滋賀県湖西地方にひろがる田園は、『今森光彦の里山物語』の舞台になったところ。琵琶湖をのぞむ豊かな谷あいから輝くメッセージを放ちます。
大人も子どもものどかな風景にいだかれて、心ゆくまで秋の日を満喫しましょう」とおっしゃるのですから飛んでゆきましたよ。
その世界の神髄が、この絵本にあるのです。

今森さんのアトリエのある里山は、子どもの頃歩いた、あの懐かしいのどかな里の秋の風景がそのままでした。
うれしくてポコポコと畦道を歩きながら、里山のすべての空気を体中に吸いこんで、ああ、まだこんな景色が大事に残されている、と本当にうれしくてたまりませんでした。

その日は、地元の仰木の方々と一緒に、棚田の贈り物のムカゴノおにぎりや味噌漬けのお弁当をいただき、棚田を歩き、棚田トークをし、それは楽しかった。
地元の方々の素朴な会話の中に感じられるこの里山への愛情と、里山と共に暮らし、先祖から受け継がれた格式と誇りが眩ゆく、ああ、このような方々がいてくださるからこそ守られているのだと、深い尊敬の念を感じました。

今森さんは、しみじみおっしゃられた。
「ここの里山を見つけ、ここに来るようになり、アトリエを持ち30年。やっと30年かかって、こうして地元の方々と本当に深い交わりを持てるようになった」と。
この重みがあるからこそ、ここは今森さんにとっては里山でなく『わたしの庭』なのだと思いました。だってもう、あの今森さんの歩き方も、見つめるこころもみーんな、いとおしい身内のものを眺める目をしておられましたもの。

おみやげの稲穂の束に、満面笑顔の長野ヒデ子さんその日の帰り、地元に方からおみやげに手渡されたのは、稲穂の束! 美しい花束にも勝るこの稲束に感動しました。私はしっかり穂をたれた美しい稲穂の束を抱えて、新幹線で帰りました。京都駅のホームでは観光客が稲穂の束をみんな嬉しそうに眺め、知らない人までが寄ってきて写真まで撮られましたよ。みんな、この本物の自然の稲穂に目を見張り癒されたのでしょうね。

それほどインパクトがあり、ああ、もっと里山にいたかったなあと、あの日のことを思い出しながら『わたしの庭』のページをめくると、「お前さん里山で、なに見てきたんだ、本当になーにも、ちゃ-んと見てないじゃないの!」と頭をたたかれたような衝撃を受けた。
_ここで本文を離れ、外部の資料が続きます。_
(* $\mathsf{LC}$ is $\mathsf{TNNIL}$-conservative over $\mathsf{LLe}^+$: for every $A\in\mathsf{TNNIL}$, if $\mathsf{LC}\vdash A$ then $\mathsf{LLe}^+\vdash A$.
   Context: Modal language: propositional variables, $\bot$, $\wedge,\vee,\to$, $\Box$; atomic = variables and $\bot$; $\boxdot A:=A\wedge\Box A$. $\mathsf{iK4}$: intuitionistic propositional logic in the modal language plus $\Box(A\to B)\to(\Box A\to\Box B)$ and $\Box A\to\Box\Box A$, closed under modus ponens and necessitation; $\mathsf{iGL}$: $\mathsf{iK4}$ plus Löb's axiom $\Box(\Box A\to A)\to\Box A$. $\mathsf{LC}:=\mathsf{iGL}+\{A\to\Box A\}$ (completeness principle for all $A$). $\mathsf{NOI}$: propositions in which every $\to$ lies in the scope of a $\Box$. Leivant's translation: $A^l=A$ for atomic/boxed $A$; $(A\wedge B)^l=A^l\wedge B^l$; $(A\vee B)^l=\boxdot A^l\vee\boxdot B^l$; $(A\to B)^l=A\to B^l$ if $A\in\mathsf{NOI}$, else $A\to B$. $\mathsf{LLe}^+:=\mathsf{iGL}+\{\Box A\to\Box A^l\}+\{p\to\Box p: p\text{ atomic}\}$. $\mathsf{TNNIL}$: smallest class containing atomic propositions, closed under $\wedge,\vee,\Box$, and containing $A\to B$ whenever $A,B\in\mathsf{TNNIL}$ and $A\in\mathsf{NOI}$. *)

theory Defs
  imports Main
begin

datatype fm = Var nat | Bot | And fm fm | Or fm fm | Imp fm fm | Box fm

definition boxdot :: "fm \<Rightarrow> fm" where
  "boxdot A = And A (Box A)"

fun atomic :: "fm \<Rightarrow> bool" where
  "atomic (Var _) = True"
| "atomic Bot = True"
| "atomic _ = False"

fun noi :: "fm \<Rightarrow> bool" where
  "noi (Var _) = True"
| "noi Bot = True"
| "noi (And A B) = (noi A \<and> noi B)"
| "noi (Or A B) = (noi A \<and> noi B)"
| "noi (Imp A B) = False"
| "noi (Box A) = True"

fun leiv :: "fm \<Rightarrow> fm" where
  "leiv (Var p) = Var p"
| "leiv Bot = Bot"
| "leiv (Box A) = Box A"
| "leiv (And A B) = And (leiv A) (leiv B)"
| "leiv (Or A B) = Or (boxdot (leiv A)) (boxdot (leiv B))"
| "leiv (Imp A B) = (if noi A then Imp A (leiv B) else Imp A B)"

inductive tnnil :: "fm \<Rightarrow> bool" where
  tn_atom: "atomic A \<Longrightarrow> tnnil A"
| tn_and: "tnnil A \<Longrightarrow> tnnil B \<Longrightarrow> tnnil (And A B)"
| tn_or: "tnnil A \<Longrightarrow> tnnil B \<Longrightarrow> tnnil (Or A B)"
| tn_box: "tnnil A \<Longrightarrow> tnnil (Box A)"
| tn_imp: "tnnil A \<Longrightarrow> tnnil B \<Longrightarrow> noi A \<Longrightarrow> tnnil (Imp A B)"

inductive deriv :: "fm set \<Rightarrow> fm \<Rightarrow> bool" for Ax :: "fm set" where
  ax_extra: "A \<in> Ax \<Longrightarrow> deriv Ax A"
| ax_k: "deriv Ax (Imp A (Imp B A))"
| ax_s: "deriv Ax (Imp (Imp A (Imp B C)) (Imp (Imp A B) (Imp A C)))"
| ax_and1: "deriv Ax (Imp (And A B) A)"
| ax_and2: "deriv Ax (Imp (And A B) B)"
| ax_andI: "deriv Ax (Imp A (Imp B (And A B)))"
| ax_or1: "deriv Ax (Imp A (Or A B))"
| ax_or2: "deriv Ax (Imp B (Or A B))"
| ax_orE: "deriv Ax (Imp (Imp A C) (Imp (Imp B C) (Imp (Or A B) C)))"
| ax_bot: "deriv Ax (Imp Bot A)"
| ax_K: "deriv Ax (Imp (Box (Imp A B)) (Imp (Box A) (Box B)))"
| ax_4: "deriv Ax (Imp (Box A) (Box (Box A)))"
| mp: "deriv Ax (Imp A B) \<Longrightarrow> deriv Ax A \<Longrightarrow> deriv Ax B"
| nec: "deriv Ax A \<Longrightarrow> deriv Ax (Box A)"

definition lob_ax :: "fm set" where
  "lob_ax = {Imp (Box (Imp (Box A) A)) (Box A) | A. True}"

definition iGL :: "fm \<Rightarrow> bool" where
  "iGL A \<longleftrightarrow> deriv lob_ax A"

definition LC :: "fm \<Rightarrow> bool" where
  "LC A \<longleftrightarrow> deriv (lob_ax \<union> {Imp B (Box B) | B. True}) A"

definition LLe_plus :: "fm \<Rightarrow> bool" where
  "LLe_plus A \<longleftrightarrow> deriv (lob_ax \<union> {Imp (Box B) (Box (leiv B)) | B. True}
                              \<union> {Imp p (Box p) | p. atomic p}) A"

end

theory Submission
  imports Defs
begin

text \<open>
  Let \<open>A\<degree>\<close> replace every implication \<open>B \<rightarrow> C\<close> by \<open>boxdot (B\<degree> \<rightarrow> C\<degree>)\<close>.
  In \<open>LLe\<^sup>+\<close> every translated formula satisfies \<open>X\<degree> \<rightarrow> \<box>X\<degree>\<close> (for atoms this is an
  axiom, for implications it holds because \<open>boxdot Y \<rightarrow> \<box>(boxdot Y)\<close>), so the translated
  completeness principle is provable, and so are the translations of the remaining axioms
  and rules: \<open>LC \<turnstile> A\<close> implies \<open>LLe\<^sup>+ \<turnstile> A\<degree>\<close>. For \<open>A \<in> TNNIL\<close> one shows \<open>A\<degree> \<rightarrow> A\<close> by
  induction on \<open>A\<close>, together with \<open>boxdot A\<^sup>l \<rightarrow> A\<degree>\<close> and, for \<open>A \<in> NOI\<close>, \<open>A \<rightarrow> A\<degree>\<close>.
  Leivant's principle \<open>\<box>A \<rightarrow> \<box>A\<^sup>l\<close> is what turns \<open>\<box>A\<close> into \<open>\<box>A\<degree>\<close> in the box case.
\<close>

text \<open>Derivability from hypotheses \<open>H\<close>. Necessitation is only available for theorems (via
  \<open>deriv\<close>), which is what makes the deduction theorem \<open>hderiv_ImpI\<close> hold.\<close>

inductive hderiv :: "fm set \<Rightarrow> fm set \<Rightarrow> fm \<Rightarrow> bool" for Ax :: "fm set" where
  hyp: "A \<in> H \<Longrightarrow> hderiv Ax H A"
| from_deriv: "deriv Ax A \<Longrightarrow> hderiv Ax H A"
| mp: "hderiv Ax H (Imp A B) \<Longrightarrow> hderiv Ax H A \<Longrightarrow> hderiv Ax H B"

lemma deriv_imp_refl: "deriv Ax (Imp A A)"
proof -
  have "deriv Ax (Imp (Imp A (Imp (Imp A A) A)) (Imp (Imp A (Imp A A)) (Imp A A)))"
    by (rule ax_s)
  then have "deriv Ax (Imp (Imp A (Imp A A)) (Imp A A))"
    using ax_k deriv.mp by blast
  then show ?thesis
    using ax_k deriv.mp by blast
qed

lemma hderiv_insert_hyp: "hderiv Ax (insert A H) A"
  by (simp add: hderiv.hyp)

lemma hderiv_ImpI_aux: "hderiv Ax H' B \<Longrightarrow> H' = insert A H \<Longrightarrow> hderiv Ax H (Imp A B)"
proof (induction rule: hderiv.induct)
  case (hyp C)
  show ?case
  proof (cases "C = A")
    case True
    then show ?thesis by (simp add: hderiv.from_deriv deriv_imp_refl)
  next
    case False
    with hyp have "C \<in> H" by simp
    then show ?thesis by (meson hderiv.hyp hderiv.from_deriv hderiv.mp ax_k)
  qed
next
  case (from_deriv C)
  then show ?case by (meson hderiv.from_deriv hderiv.mp ax_k)
next
  case (mp C D)
  then show ?case by (meson hderiv.from_deriv hderiv.mp ax_s)
qed

lemma hderiv_ImpI: "hderiv Ax (insert A H) B \<Longrightarrow> hderiv Ax H (Imp A B)"
  using hderiv_ImpI_aux by blast

lemma deriv_of_hderiv_empty: "hderiv Ax {} A \<Longrightarrow> deriv Ax A"
  by (induction "{} :: fm set" A rule: hderiv.induct) (auto intro: deriv.mp)

lemma deriv_ImpI: "hderiv Ax {A} B \<Longrightarrow> deriv Ax (Imp A B)"
  by (simp add: deriv_of_hderiv_empty hderiv_ImpI)

lemma hderiv_weaken: "hderiv Ax H A \<Longrightarrow> hderiv Ax (insert B H) A"
  by (induction rule: hderiv.induct) (auto intro: hderiv.intros)

lemma hderiv_deriv_mp: "deriv Ax (Imp A B) \<Longrightarrow> hderiv Ax H A \<Longrightarrow> hderiv Ax H B"
  by (meson hderiv.from_deriv hderiv.mp)

lemma deriv_imp_trans:
  assumes "deriv Ax (Imp A B)" and "deriv Ax (Imp B C)"
  shows "deriv Ax (Imp A C)"
  by (rule deriv_ImpI[OF hderiv_deriv_mp[OF assms(2) hderiv_deriv_mp[OF assms(1) hderiv_insert_hyp]]])

lemma hderiv_AndI: "hderiv Ax H A \<Longrightarrow> hderiv Ax H B \<Longrightarrow> hderiv Ax H (And A B)"
  by (meson ax_andI hderiv.from_deriv hderiv.mp)

lemma hderiv_AndD1: "hderiv Ax H (And A B) \<Longrightarrow> hderiv Ax H A"
  by (meson ax_and1 hderiv_deriv_mp)

lemma hderiv_AndD2: "hderiv Ax H (And A B) \<Longrightarrow> hderiv Ax H B"
  by (meson ax_and2 hderiv_deriv_mp)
いやあ驚いた。

それは、あの今森さんのアトリエのある仰木の里山が、まったく違う世界で現れたからです。
ああ、私はこの里山を歩いたけど、本当にこんな深いところまで何にも気づかなかった。何にも見ていなかった。今森さんは、よくもここまで、ちゃんとこころを込めて見ておられる、それをこうして教えてくださって……。

感謝の喜びでいっぱいになり、もうページをめくるたびに、胸が熱く目がうるんでしまったのです。それは、この『わたしの庭』に、今森さんは大きな宇宙をしっかりととらえているからなのです。
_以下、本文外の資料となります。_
definition prod_sigma :: "'a set \<Rightarrow> 'a set set \<Rightarrow> 'b set \<Rightarrow> 'b set set \<Rightarrow> ('a \<times> 'b) set set" where
  "prod_sigma X C Y D = sigma_sets (X \<times> Y) {a \<times> b | a b. a \<in> C \<and> b \<in> D}"

end

theory Submission
  imports Defs
begin

(* Put \<lambda> = \<mu> + \<nu> and f = d\<mu>/d\<lambda>. Then [d\<mu> : d\<nu>] = [f : 1 - f] \<lambda>-a.e., and likewise
  [d\<mu>|F : d\<nu>|F] = [h : 1 - h], where h = d\<mu>|F / d\<lambda>|F is the conditional expectation of f
  given F; so the d_H-deviation is |h - f|. Measurable sets of the product, and hence integrable
  functions, can be approximated in \<lambda>-measure, resp. in L1(\<lambda>), by sets, resp. functions, that
  are measurable for C \<times> D with finite sub-\<sigma>-algebras C and D. If g is such an approximation
  of f within \<eta>, then for every F \<supseteq> C \<times> D the L1-contraction property of conditional
  expectation gives |h - f|_1 \<le> |h - g|_1 + |g - f|_1 \<le> 2\<eta>; Markov's inequality bounds
  \<lambda>{|h - f| \<ge> \<epsilon>} by 2\<eta>/\<epsilon>, and the \<epsilon>-\<delta> form of the absolute continuity of \<xi>
  with respect to \<lambda> transfers this bound to \<xi>. *)

lemma sets_add_measure [simp]: "sets (add_measure M N) = sets M"
  unfolding add_measure_def by simp

lemma space_add_measure [simp]: "space (add_measure M N) = space M"
  unfolding add_measure_def by simp

lemma emeasure_add_measure:
  assumes "sets M = sets N" and "A \<in> sets M"
  shows "emeasure (add_measure M N) A = emeasure M A + emeasure N A"
proof -
  have ca: "countably_additive (sets M) (\<lambda>A. emeasure M A + emeasure N A)"
  proof (rule countably_additiveI)
    fix F :: "nat \<Rightarrow> _"
    assume "range F \<subseteq> sets M" "disjoint_family F" "\<Union> (range F) \<in> sets M"
    then show "(\<Sum>i. emeasure M (F i) + emeasure N (F i)) =
        emeasure M (\<Union> (range F)) + emeasure N (\<Union> (range F))"
      using assms(1) by (simp add: suminf_add[symmetric] suminf_emeasure)
  qed
  show ?thesis
    unfolding add_measure_def
    by (rule emeasure_measure_of_sigma[OF sets.sigma_algebra_axioms _ ca assms(2)])
      (simp add: positive_def)
qed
見落としてしまいそうな、この小さないとしげな生き物、虫たちに、植物に。そして、いつも誰もが見慣れて、当たり前に思っていた景色のふと見せるいたずらっ子のような仕草に、これほどまでにそれらをちゃんと認めあい、こころを通わせ、見逃さないで愛情を重ねることができるなんて! うれしくてほほが緩み、体中が喜びにわくのです。

こんな素晴らしい宇宙が、すぐ目の前にあるなんて気づいていただろうか。
「気づかないで、見過ごしているともったいないよ」という今森さんの言葉が聞こえてくる。それも、お隣のいたずら好きのおにいちゃんのような親しみを込めた語り口でいて、言葉は詩のようで、ユーモアがあり、ぐんぐん『わたしの庭』に吸い込まれる。
それは知識で得た言葉ではなく、体験した言葉で、しっかり大地の熱を感じながら見つけたうれしさだから。
誰もに分け与えてくれる欲のない言葉だから、惹き込まれるのでしょう。

こんなに話すと、すぐにこの本を読みたくなるでしょう。「もう待てないよー」という人もいるでしょう。
でも「見せてあげなーい。これ、わたしの庭だもーん」と意地悪したくなるほど、独り占めしたいところだけど、ちょこっとだけ教えてあげましょうか。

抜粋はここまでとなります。